The tech startup’s stock price is still well below the teens and low 20s, the level where it traded for more than a year after its IPO in March 2017. Even before today’s rally, however, it had gained more than 20% in 2019 to date after bottoming out last December at just $4.82 a share.
Snap has been destabilized over the past 18 months by a stream of top-level executive departures, a deeply unpopular redesign of its app in late 2017 and ongoing struggles to perfect an Android version of the service. CFO Tim Stone, poached from Amazon, abruptly resigned four months later, officially exiting Tuesday. Interim replacement Lara Sweet was not installed until two weeks after word of Stone’s departure got out, and the delay further clouded the company’s outlook.
During a conference call with analysts Tuesday, CEO Evan Spiegel essentially shrugged off the C-suite turnover and any potential downside for the company’s culture. He said finding a permanent CFO to replace Stone as well as a head of marketing to replace Steve LaBella, who left last fall, are his top priorities. “Most of the changes we made over the past year, year-and-a-half, as we look to sort of forward toward the business scaling, I’m really happy with the way that teams come together and the way they’re working together,” he said.
Major media companies ranging from NBCUniversal to Discovery to ESPN, as well as many traditional print publishers eager to establish a young-skewing digital beachhead, have looked past the stumbles and continued to partner with it on original content. That commitment gives the entire entertainment business a reason to root for Santa Monica-based Snap. Plus, there is the fact that for all of the company’s missteps, it has avoided being hauled before Congress and having to confess to a large-scale data breach or a key role in fomenting misinformation or worse, as have Facebook and Twitter.
Several Wall Street analysts increased their 12-month price targets and other forecasts for the company in light of the quarterly earnings report, even if most retain a show-me stance.
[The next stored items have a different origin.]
lemma tendsto_trace_norm_lincomb_halves:
  assumes A: "(\<lambda>n. trace_norm (A n)) \<longlonglongrightarrow> 0" "\<And>n. n \<ge> N0 \<Longrightarrow> trace_class (A n)"
    and B: "(\<lambda>n. trace_norm (B n)) \<longlonglongrightarrow> 0" "\<And>n. trace_class (B n)"
  shows "(\<lambda>m. trace_norm (\<lambda>u v. a * (A ((m + 1) div 2) u v + b * B (m div 2) u v))) \<longlonglongrightarrow> 0"
proof -
  define g where "g m = cmod a * (trace_norm (A ((m + 1) div 2)) + cmod b * trace_norm (B (m div 2)))" for m
  have bound: "0 \<le> trace_norm (\<lambda>u v. a * (A ((m + 1) div 2) u v + b * B (m div 2) u v))
      \<and> trace_norm (\<lambda>u v. a * (A ((m + 1) div 2) u v + b * B (m div 2) u v)) \<le> g m"
    if "m \<ge> 2 * N0" for m
  proof
    have t1: "trace_class (A ((m + 1) div 2))" by (rule A(2)) (use that in auto)
    have "trace_class (\<lambda>u v. a * (A ((m + 1) div 2) u v + b * B (m div 2) u v))"
      by (rule trace_class_scale(1)[OF trace_class_lincomb(1)[OF t1 B(2)]])
    then show "0 \<le> trace_norm (\<lambda>u v. a * (A ((m + 1) div 2) u v + b * B (m div 2) u v))"
      by (simp add: trace_class_iff trace_norm_nonneg)
    show "trace_norm (\<lambda>u v. a * (A ((m + 1) div 2) u v + b * B (m div 2) u v)) \<le> g m"
      unfolding g_def by (rule trace_norm_scale_lincomb_le[OF t1 B(2)])
  qed
  have "g \<longlonglongrightarrow> cmod a * (0 + cmod b * 0)"
    unfolding g_def
    by (intro tendsto_mult tendsto_add tendsto_const filterlim_compose[OF A(1) filterlim_div2_sequentially]
        filterlim_compose[OF B(1) filterlim_div2_sequentially[where j=0, simplified]])
  then have g0: "g \<longlonglongrightarrow> 0" by simp
  show ?thesis
  proof (rule tendsto_sandwich[OF _ _ tendsto_const g0])
    show "\<forall>\<^sub>F m in sequentially. 0 \<le> trace_norm (\<lambda>u v. a * (A ((m + 1) div 2) u v + b * B (m div 2) u v))"
      unfolding eventually_sequentially using bound by blast
    show "\<forall>\<^sub>F m in sequentially. trace_norm (\<lambda>u v. a * (A ((m + 1) div 2) u v + b * B (m div 2) u v)) \<le> g m"
      unfolding eventually_sequentially using bound by blast
  qed
qed

text \<open>The sign of \<open>-\<lambda> P\<close> goes into the first tensor factor, as the coefficients of an expansion
  must be nonnegative.\<close>

lemma interleave_cross_expansion:
  fixes D P :: "'a \<times> 'b \<Rightarrow> 'a \<times> 'b \<Rightarrow> complex" and lam :: real
  assumes eD: "cross_expansion D r X Y"
    and N0: "\<And>n. n \<ge> N0 \<Longrightarrow> trace_class (\<lambda>u v. D u v - cross_partial_sum r X Y n u v)"
    and eP: "cross_expansion P r' X' Y'"
    and tP: "\<And>n. trace_class (\<lambda>u v. P u v - cross_partial_sum r' X' Y' n u v)"
    and lam: "0 \<le> lam" "lam < 1"
  shows "cross_expansion (\<lambda>u v. complex_of_real (1 / (1 - lam)) * (D u v + complex_of_real (- lam) * P u v))
           (interleave (\<lambda>k. (1 / (1 - lam)) * r k) (\<lambda>k. (lam / (1 - lam)) * r' k))
           (interleave X (\<lambda>k s s'. - X' k s s')) (interleave Y Y')"
  unfolding cross_expansion_def
proof (intro conjI allI)
  have r: "\<And>k. r k \<ge> 0" "summable r" and r': "\<And>k. r' k \<ge> 0" "summable r'"
    using eD eP by (auto simp: cross_expansion_def)
  show "interleave (\<lambda>k. (1 / (1 - lam)) * r k) (\<lambda>k. (lam / (1 - lam)) * r' k) k \<ge> 0" for k
    using r r' lam by (simp add: interleave_def)
  show "summable (interleave (\<lambda>k. (1 / (1 - lam)) * r k) (\<lambda>k. (lam / (1 - lam)) * r' k))"
    using r r' lam by (intro summable_interleave summable_mult) auto
  have tX: "trace_class (X k)" "trace_class (Y k)" "trace_norm (X k) * trace_norm (Y k) = 1" for k
    using eD by (auto simp: cross_expansion_def)
  have tX': "trace_class (X' k)" "trace_class (Y' k)" "trace_norm (X' k) * trace_norm (Y' k) = 1" for k
    using eP by (auto simp: cross_expansion_def)
  have neg: "trace_class (\<lambda>s s'. - X' j s s')" "trace_norm (\<lambda>s s'. - X' j s s') = trace_norm (X' j)" for j
    using trace_class_scale(1)[OF tX'(1), of "-1"] trace_norm_scale[OF tX'(1), of "-1"] by simp_all
  show "trace_class (interleave X (\<lambda>k s s'. - X' k s s') k)" "trace_class (interleave Y Y' k)"
    "trace_norm (interleave X (\<lambda>k s s'. - X' k s s') k) * trace_norm (interleave Y Y' k) = 1" for k
    using tX tX' neg by (simp_all add: interleave_def)
  define R where "R n = (\<lambda>u v. D u v - cross_partial_sum r X Y n u v)" for n
  define R' where "R' n = (\<lambda>u v. P u v - cross_partial_sum r' X' Y' n u v)" for n
  have rem: "(\<lambda>u v. complex_of_real (1 / (1 - lam)) * (D u v + complex_of_real (- lam) * P u v)
      - cross_partial_sum (interleave (\<lambda>k. (1 / (1 - lam)) * r k) (\<lambda>k. (lam / (1 - lam)) * r' k))
          (interleave X (\<lambda>k s s'. - X' k s s')) (interleave Y Y') m u v)
    = (\<lambda>u v. complex_of_real (1 / (1 - lam)) * (R ((m + 1) div 2) u v + complex_of_real (- lam) * R' (m div 2) u v))" for m
  proof -
    have "complex_of_real (lam / (1 - lam)) = complex_of_real (1 / (1 - lam)) * complex_of_real lam"
      by (simp flip: of_real_mult)
    then show ?thesis
      unfolding cross_partial_sum_interleave cross_partial_sum_scale cross_partial_sum_uminus
      by (simp add: fun_eq_iff R_def R'_def algebra_simps)
  qed
  show "(\<lambda>m. trace_norm (\<lambda>u v. complex_of_real (1 / (1 - lam)) * (D u v + complex_of_real (- lam) * P u v)
      - cross_partial_sum (interleave (\<lambda>k. (1 / (1 - lam)) * r k) (\<lambda>k. (lam / (1 - lam)) * r' k))
          (interleave X (\<lambda>k s s'. - X' k s s')) (interleave Y Y') m u v)) \<longlonglongrightarrow> 0"
    unfolding rem R_def R'_def
    by (rule tendsto_trace_norm_lincomb_halves[OF _ N0 _ tP]) (use eD eP in \<open>simp_all add: cross_expansion_def\<close>)
qed

section \<open>Extreme cross states\<close>

lemma cross_states_density_op: "D \<in> cross_states \<Longrightarrow> density_op D"
  by (simp add: cross_states_iff)

lemma rank_one_proj_extreme:
  fixes D :: "'a \<times> 'b \<Rightarrow> 'a \<times> 'b \<Rightarrow> complex"
  assumes "D \<in> rank_one_projs" "D \<in> cross_states"
  shows "D \<in> ext_points cross_states"
proof -
  obtain \<psi> where psi: "is_ell2 \<psi>" "ell2_norm \<psi> = 1" and D: "D = (\<lambda>x y. \<psi> x * cnj (\<psi> y))"
    using assms(1) unfolding rank_one_projs_def by blast
  have n1: "ell2_sqnorm \<psi> = 1" using psi(2) ell2_sqnorm_nonneg[of \<psi>] by (simp add: ell2_norm_eq_sqrt)
  show ?thesis unfolding ext_points_def
  proof (intro CollectI conjI ballI allI impI)
    show "D \<in> cross_states" by (rule assms(2))
    fix D1 D2 t
    assume D1: "D1 \<in> cross_states" and D2: "D2 \<in> cross_states"
      and h: "0 < t \<and> t < 1 \<and> D = (\<lambda>x y. complex_of_real t * D1 x y + complex_of_real (1 - t) * D2 x y)"
    have d1: "density_op D1" and d2: "density_op D2" using D1 D2 by (auto intro: cross_states_density_op)
    have eq1: "(\<lambda>x y. \<psi> x * cnj (\<psi> y)) = (\<lambda>x y. complex_of_real t * D1 x y + complex_of_real (1 - t) * D2 x y)"
      using h D by simp
    have eq2: "(\<lambda>x y. \<psi> x * cnj (\<psi> y)) = (\<lambda>x y. complex_of_real (1 - t) * D2 x y + complex_of_real (1 - (1 - t)) * D1 x y)"
      unfolding eq1 by (intro ext) (simp add: algebra_simps)
    show "D1 = D" unfolding D using h by (intro rank_one_proj_convex_split[OF d1 d2 _ _ psi(1) n1 eq1]) auto
    show "D2 = D" unfolding D using h by (intro rank_one_proj_convex_split[OF d2 d1 _ _ psi(1) n1 eq2]) auto
  qed
qed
“User trends were materially better than feared,” wrote Morgan Stanley analyst Brian Nowak in a note to clients. Stable user numbers, he added, “are driving near-term appreciation but, in our view, Snap’s ability to successfully roll out its new Android app throughout 2019 (and meaningfully increase its user base) will be key to driving better user growth, higher earnings power and further multiple expansion.”
Guggenheim’s Michael Morris, like many of his peers, saluted positive trends on the advertising front. “We expect secular pressure on ad-supported linear audience levels to drive sustained erosion of traditional industry economics over the long-term,” he wrote in a research note, “and believe that digital advertising companies such as Snapchat will be beneficiaries.”